569/0/10015 RAF HALTON: EAST CAMP
01-DEC-05 Building No 29 (Groves Mess) Groves an
d Henderson Barracks

GV II
Former dining rooms and cookhouse. 1920, to Air Ministry Directorate of Works drawing 61/20. Red brickwork in stretcher bond to cavity walls, some dressings in limestone ashlar, concrete plain tiles (replacing slate) on timber trusses.

PLAN: A wide frontage, 2-storey symmetrical range with hipped roofs, entered on the parade ground front in the set-back wings at each end, and on the returns to the main staircases. Designed with two large dining rooms, each seating 474 airmen to each floor, with corresponding servery and washing areas and latrines: kitchens and services are to the rear.

EXTERIOR: Windows are mainly plain glazed 2-light casements with mullion and transom, to half-brick soldier-course lintels. The main front is in 3 + 7 + 3 bays, with three windows to each floor each side of a decorative central oriel in stone, with 1:3:1-light small-pane casements to stone mullions above a deep apron, and below an entablature carried above the eaves-line, and crowned by a small brick parapet, probably added later. The oriel is supported on a plan base-course as a canopy, carried on three brackets, above a central sunk panel with flat surround, all to a sill-high plinth the width of this feature which is slightly stepped forward. Narrow single lights flank the panel at ground floor. The end bays are stepped back, and with lower eaves-line, with 2 small 2-light casements and a deeper staircase window, above a pair of panelled doors in painted stone surround to a flat square canopy on brackets, below a tripartite small-pane lunette in a brick arch. On each return is a similarly detailed doorway, but without the lunettes, then a tall narrow 2-bay section, slightly stepped forward, with 2 bulls-eye windows above 2-light standard casements, with small panes, at ground and first floor levels; a stone plinth is taken to ground-floor sill level in this section.

INTERIOR: entrance halls articulated by classical pilasters, and each with elaborate imperial stair with openwork cast-iron newel. Original joinery including panelled doors.

HISTORY: The building lies to the W of the parade ground, at the edge of the Groves group with which it is associated; it is identical with that to the Henderson barracks (Building No 28, qv), and the two are major elements in the comprehensive group, reflecting the same design philosophy and detailing as many of the other units. It is little changed externally since its completion in 1922.

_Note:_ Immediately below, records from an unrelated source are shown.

lemma KLd_eq_negentropy_minus_cross_log:
  assumes "\<forall>i<n. \<forall>l<k. 0 \<le> \<mu> i l \<and> 0 < \<nu> i l"
  shows "KLd n k \<mu> \<nu> = negentropy n k \<mu> - cross_log n k \<mu> \<nu>"
proof -
  have "KLd n k \<mu> \<nu> = (\<Sum>i<n. \<Sum>l<k. (if \<mu> i l = 0 then 0 else \<mu> i l * ln (\<mu> i l)) - \<mu> i l * ln (\<nu> i l))"
    unfolding KLd_def
  proof (intro sum.cong refl)
    fix i l assume "i \<in> {..<n}" "l \<in> {..<k}"
    then have "0 \<le> \<mu> i l" "0 < \<nu> i l" using assms by auto
    then show "(if \<mu> i l = 0 then 0 else \<mu> i l * ln (\<mu> i l / \<nu> i l)) =
      (if \<mu> i l = 0 then 0 else \<mu> i l * ln (\<mu> i l)) - \<mu> i l * ln (\<nu> i l)"
      by (cases "\<mu> i l = 0") (simp_all add: ln_div algebra_simps)
  qed
  then show ?thesis by (simp add: negentropy_def cross_log_def sum_subtractf)
qed

lemma KLd_self: "KLd n k \<mu> \<mu> = 0"
  unfolding KLd_def by (auto intro!: sum.neutral)

lemma KLd_cong_right: "(\<forall>i<n. \<forall>l<k. \<nu> i l = \<nu>' i l) \<Longrightarrow> KLd n k \<mu> \<nu> = KLd n k \<mu> \<nu>'"
  unfolding KLd_def by (intro sum.cong refl) auto

lemma cross_log_gtheta:
  assumes "k \<ge> 1" and rows: "\<forall>i<n. (\<Sum>l<k. x i l) = 1"
  shows "cross_log n k x (gtheta n k p h \<theta>) =
     (\<Sum>r<p+k. \<theta> r * bstar n k p h x r) - (\<Sum>i<n. ln (gtheta_normalizer n k p h \<theta> i))"
proof -
  have "cross_log n k x (gtheta n k p h \<theta>) =
     (\<Sum>i<n. \<Sum>l<k. x i l * atheta n k p h \<theta> i l)
     - (\<Sum>i<n. (\<Sum>l<k. x i l) * ln (gtheta_normalizer n k p h \<theta> i))"
    by (simp add: cross_log_def ln_gtheta[OF assms(1)] right_diff_distrib sum_subtractf sum_distrib_right)
  also have "(\<Sum>i<n. \<Sum>l<k. x i l * atheta n k p h \<theta> i l)
      = (\<Sum>i<n. \<Sum>l<k. \<Sum>r<p+k. \<theta> r * (Amat n k p h r i l * x i l))"
    unfolding atheta_def by (simp add: sum_distrib_left mult_ac)
  also have "\<dots> = (\<Sum>r<p+k. \<theta> r * bstar n k p h x r)"
    unfolding bstar_def sum_distrib_left
    by (subst sum.swap) (simp add: sum.swap[of _ "{..<k}"])
  also have "(\<Sum>i<n. (\<Sum>l<k. x i l) * ln (gtheta_normalizer n k p h \<theta> i))
      = (\<Sum>i<n. ln (gtheta_normalizer n k p h \<theta> i))"
    using rows by simp
  finally show ?thesis .
qed

lemma KLd_gtheta:
  assumes "k \<ge> 1" and "simplexn n k \<eta>"
  shows "KLd n k \<eta> (gtheta n k p h \<theta>) = negentropy n k \<eta>
     - (\<Sum>r<p+k. \<theta> r * bstar n k p h \<eta> r) + (\<Sum>i<n. ln (gtheta_normalizer n k p h \<theta> i))"
proof -
  have "\<forall>i<n. \<forall>l<k. 0 \<le> \<eta> i l \<and> 0 < gtheta n k p h \<theta> i l"
    using assms gtheta_pos by (auto simp: simplexn_def simplex_def)
  moreover have "\<forall>i<n. (\<Sum>l<k. \<eta> i l) = 1"
    using assms(2) by (simp add: simplexn_def simplex_def)
  ultimately show ?thesis
    by (simp add: KLd_eq_negentropy_minus_cross_log cross_log_gtheta[OF assms(1)])
qed

lemma sum_coordinate_shift:
  fixes c \<theta> :: "nat \<Rightarrow> real"
  assumes "r < m"
  shows "(\<Sum>s<m. (\<theta> s + (if s = r then t else 0)) * c s) = (\<Sum>s<m. \<theta> s * c s) + t * c r"
proof -
  have "(\<Sum>s<m. (if s = r then t else 0) * c s) = (\<Sum>s<m. if s = r then t * c s else 0)"
    by (intro sum.cong) auto
  then show ?thesis using assms by (simp add: distrib_right sum.distrib)
qed

lemma atheta_shift:
  assumes "r < p + k"
  shows "atheta n k p h (\<lambda>s. \<theta> s + (if s = r then t else 0)) i l
       = atheta n k p h \<theta> i l + t * Amat n k p h r i l"
  using sum_coordinate_shift[OF assms] by (simp add: atheta_def)

text \<open>First-order optimality along each coordinate direction of the natural parameter.\<close>

lemma KLd_minimizer_moments:
  assumes k1: "k \<ge> 1" and eta: "simplexn n k \<eta>"
    and min: "\<And>\<theta>. KLd n k \<eta> (gtheta n k p h \<theta>0) \<le> KLd n k \<eta> (gtheta n k p h \<theta>)"
    and r: "r < p + k"
  shows "bstar n k p h (gtheta n k p h \<theta>0) r = bstar n k p h \<eta> r"
proof -
  define a where "a = atheta n k p h \<theta>0"
  define A where "A = Amat n k p h r"
  define F where "F t = (\<Sum>i<n. ln (\<Sum>l<k. exp (a i l + t * A i l))) - t * bstar n k p h \<eta> r" for t
  have KLd_F: "KLd n k \<eta> (gtheta n k p h (\<lambda>s. \<theta>0 s + (if s = r then t else 0)))
      = negentropy n k \<eta> - (\<Sum>s<p+k. \<theta>0 s * bstar n k p h \<eta> s) + F t" for t
    using sum_coordinate_shift[OF r, of \<theta>0 t "bstar n k p h \<eta>"]
    by (simp add: KLd_gtheta[OF k1 eta] gtheta_normalizer_def atheta_shift[OF r] F_def a_def A_def)
  have "F 0 \<le> F t" for t
    using min[of "\<lambda>s. \<theta>0 s + (if s = r then t else 0)"] KLd_F[of 0] by (simp add: KLd_F)
  moreover
  have Z_pos: "(\<Sum>l<k. exp (a i l)) > 0" for i
    using k1 by (intro sum_pos) (auto simp: lessThan_empty_iff)
  define D where "D = (\<Sum>i<n. (\<Sum>l<k. exp (a i l) * A i l) / (\<Sum>l<k. exp (a i l))) - bstar n k p h \<eta> r"
  have "(F has_field_derivative D) (at 0)"
    unfolding F_def D_def
    by (rule derivative_eq_intros refl | simp add: Z_pos mult.commute)+
  ultimately have "D = 0"
    using DERIV_local_min[of F D 0 1] by simp
  moreover have "(\<Sum>l<k. exp (a i l) * A i l) / (\<Sum>l<k. exp (a i l))
      = (\<Sum>l<k. A i l * gtheta n k p h \<theta>0 i l)" for i
    unfolding gtheta_def a_def by (simp add: sum_divide_distrib mult_ac)
  ultimately show ?thesis unfolding D_def A_def bstar_def by simp
qed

The Groves and Henderson barracks, designed immediately after the First World War as a permanent base for the world's first independent air force, occupy an important place in the early development of British military air power. They were designed in the Domestic Revival style favoured by the War Office for its army barracks from the 1870s, and are externally complete with the exception of the loss of their slate roofing. The consistency of materials and treatment produces a harmonious and homogeneous ensemble, amply backed by the planted woodlands to the E and S. Although designed well before the self-conscious structures of the 1930's Expansion Period, when the pronouncements of the Royal Fine Arts Commission made an impact on the RAF architectural development, these buildings show that considerable care was taken to avoid utilitarian severity. When the RAF was formed as the world's first independent air force in April 1918, and during the period of retrenchment which lasted from the Armistice until the early 1920s, its founding father and first Chief of Air Staff, General Sir Hugh Trenchard, concentrated upon developing its strategic role as an offensive bomber force. His primary considerations were in laying the foundations for a technology-based service, through the training of officers at Cranwell and technicians at Halton. Delays in the building of permanent buildings at Cranwell until the early 1930s has resulted in the fact that only the Groves and Henderson Barracks at Halton relate to this critical period of development. They established a template for the planning of barracks buildings on RAF bases, marking a departure from the generally temporary accommodation provided for the Royal Flying Corps and from the planning of army barracks as practised since the Cardwell reforms of the 1870s.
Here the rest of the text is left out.